5. Know of any websites of companies that are currently hiring EMT-Bs at Entry level?

Thanx a lot for reading, any additional information that would help me in beginning my career would be greatly appreciated.

Be Safe. ^_^


----------



## 94H (Jun 18, 2011)

Where in NY?


----------



## romy184 (Jun 18, 2011)

94H said:


> Where in NY?


I live in the city area (Bronx)


----------



## 94H (Jun 18, 2011)

I know that Senior Care is big in the Bronx so I would see if they have any openings. There are a ton of IFT companies in NYC and a bunch of 911 companies also. Just off of the top of my head Senior Care, Transcare, Hunter. I know 46Young talks about NS-LIJ hiring EMTs and there are positions posted on their website. 

You could try to get on with a volley squad, or you could look up in Westchester to see if any of the squads or companies up there are hiring.
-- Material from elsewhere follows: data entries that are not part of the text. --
text \<open>
  Unitarity gives \<open>0 \<le> s\<^sub>k \<le> 1\<close> and \<open>s\<^sub>d = 1\<close>
  (a full column), adding a row shows that \<open>s\<^sub>k\<close> is increasing, and the key estimate is
  \<open>s\<^sub>k\<^sub>+\<^sub>1 \<le> s\<^sub>k + s\<^sub>1\<close>: from an optimal submatrix delete the column where the test vector
  is smallest, or the row where its image is smallest, whichever index set is larger; this
  costs at most the largest entry modulus \<open>s\<^sub>1\<close>. Hence every increment \<open>W\<^sub>k\<close> (\<open>k \<ge> 1\<close>)
  is at most \<open>W\<^sub>0 = s\<^sub>1\<close>, while \<open>Q\<^sub>k \<le> W\<^sub>k\<close> since \<open>t \<mapsto> ((1 + t) / 2)\<^sup>2\<close> is
  1-Lipschitz on \<open>[0, 1]\<close>, and both vectors sum to 1. So \<open>Q\<close> arises from \<open>W\<close> by moving
  mass from the other entries to the entry \<open>0\<close>, which is already a largest entry of \<open>W\<close>.
  This gives \<open>W \<prec> Q\<close> directly, and comparing chord slopes gives
  \<open>\<Sum> f (W\<^sub>k) \<le> \<Sum> f (Q\<^sub>k)\<close> for every convex \<open>f\<close>, which yields the entropy inequalities.
\<close>

lemma unitary_mat_norm_preserving:
  assumes "unitary_mat d U"
  shows "(\<Sum>i<d. (cmod (\<Sum>j<d. U i j * w j))\<^sup>2) = (\<Sum>j<d. (cmod (w j))\<^sup>2)"
proof -
  have "complex_of_real (\<Sum>i<d. (cmod (\<Sum>j<d. U i j * w j))\<^sup>2)
      = (\<Sum>i<d. \<Sum>k<d. \<Sum>j<d. cnj (w j) * w k * (cnj (U i j) * U i k))"
    by (simp only: of_real_sum complex_norm_square cnj_sum complex_cnj_mult sum_product)
      (simp add: ac_simps)
  also have "\<dots> = (\<Sum>i<d. \<Sum>j<d. \<Sum>k<d. cnj (w j) * w k * (cnj (U i j) * U i k))"
    by (rule sum.cong[OF refl], rule sum.swap)
  also have "\<dots> = (\<Sum>j<d. \<Sum>i<d. \<Sum>k<d. cnj (w j) * w k * (cnj (U i j) * U i k))"
    by (rule sum.swap)
  also have "\<dots> = (\<Sum>j<d. \<Sum>k<d. \<Sum>i<d. cnj (w j) * w k * (cnj (U i j) * U i k))"
    by (rule sum.cong[OF refl], rule sum.swap)
  also have "\<dots> = (\<Sum>j<d. \<Sum>k<d. cnj (w j) * w k * (\<Sum>i<d. cnj (U i j) * U i k))"
    by (simp only: sum_distrib_left)
  also have "\<dots> = (\<Sum>j<d. \<Sum>k<d. if j = k then cnj (w j) * w k else 0)"
    using assms unfolding unitary_mat_def by (intro sum.cong refl) auto
  also have "\<dots> = (\<Sum>j<d. w j * cnj (w j))"
    by (simp add: mult.commute)
  also have "\<dots> = complex_of_real (\<Sum>j<d. (cmod (w j))\<^sup>2)"
    by (simp only: of_real_sum complex_norm_square)
  finally show ?thesis
    using of_real_eq_iff by blast
qed

definition submat_apply_norm ::
    "(nat \<Rightarrow> nat \<Rightarrow> complex) \<Rightarrow> nat set \<Rightarrow> nat set \<Rightarrow> (nat \<Rightarrow> complex) \<Rightarrow> real" where
  "submat_apply_norm U R C v = sqrt (\<Sum>i\<in>R. (cmod (\<Sum>j\<in>C. U i j * v j))\<^sup>2)"

lemma submat_norm_eq_Sup:
  "submat_norm U R C = Sup {submat_apply_norm U R C v | v. (\<Sum>j\<in>C. (cmod (v j))\<^sup>2) \<le> 1}"
  unfolding submat_norm_def submat_apply_norm_def by simp

lemma submat_apply_norm_nonneg: "0 \<le> submat_apply_norm U R C v"
  unfolding submat_apply_norm_def by (simp add: sum_nonneg)

lemma submat_apply_norm_le_1:
  assumes U: "unitary_mat d U" and R: "R \<subseteq> {..<d}" and C: "C \<subseteq> {..<d}"
    and v: "(\<Sum>j\<in>C. (cmod (v j))\<^sup>2) \<le> 1"
  shows "submat_apply_norm U R C v \<le> 1"
proof -
  define w where "w j = (if j \<in> C then v j else 0)" for j
  have w_sum: "(\<Sum>j<d. g j * w j) = (\<Sum>j\<in>C. g j * v j)" for g :: "nat \<Rightarrow> complex"
    using C by (simp add: w_def if_distrib sum.If_cases Int_absorb1)
  have "(\<Sum>i\<in>R. (cmod (\<Sum>j\<in>C. U i j * v j))\<^sup>2) \<le> (\<Sum>i<d. (cmod (\<Sum>j<d. U i j * w j))\<^sup>2)"
    unfolding w_sum by (rule sum_mono2) (use R in auto)
  also have "\<dots> = (\<Sum>j<d. (cmod (w j))\<^sup>2)"
    by (rule unitary_mat_norm_preserving[OF U])
  also have "\<dots> = (\<Sum>j\<in>C. (cmod (w j))\<^sup>2)"
    by (rule sum.mono_neutral_right) (use C in \<open>auto simp: w_def\<close>)
  also have "\<dots> = (\<Sum>j\<in>C. (cmod (v j))\<^sup>2)"
    by (simp add: w_def)
  finally show ?thesis
    unfolding submat_apply_norm_def using v by simp
qed

lemma submat_apply_norm_le_submat_norm:
  assumes "unitary_mat d U" "R \<subseteq> {..<d}" "C \<subseteq> {..<d}"
    and "(\<Sum>j\<in>C. (cmod (v j))\<^sup>2) \<le> 1"
  shows "submat_apply_norm U R C v \<le> submat_norm U R C"
  unfolding submat_norm_eq_Sup
  by (rule cSup_upper)
    (use submat_apply_norm_le_1[OF assms(1-3)] assms(4) in \<open>auto intro!: bdd_aboveI[of _ 1]\<close>)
I know some of the volly squads hire people to work for times that they cannot fill shifts


----------



## romy184 (Jun 19, 2011)

94H said:


> I know that Senior Care is big in the Bronx so I would see if they have any openings. There are a ton of IFT companies in NYC and a bunch of 911 companies also. Just off of the top of my head Senior Care, Transcare, Hunter. I know 46Young talks about NS-LIJ hiring EMTs and there are positions posted on their website.
> 
> You could try to get on with a volley squad, or you could look up in Westchester to see if any of the squads or companies up there are hiring. I know some of the volly squads hire people to work for times that they cannot fill shifts


Thanks for the help... I really appreciate it!


----------



## firecoins (Jun 20, 2011)

Citywide, Transcare, Senior Care and Lifeline are all in the Bronx.

Empress is in Yonkers.


----------



## EMT4.0 (Jun 20, 2011)

*Need Job*

I am looking for an EMT-B job in or near the Antelope Valley. Is there anyone out there that can help me?


----------



## MD2BE (Sep 22, 2013)

romy184 said:


> Hey everybody. I just became an EMT-B in New York State recently, and i am looking for some pointers that can put me in the right path to begin my career... I have some questions that i would appreciate if you guys can answer for me.
> 
> :huh:
> 1. Where should I begin?
> ...


did you have any luck? I am also looking for my first gig so to speak lol
any tips?


----------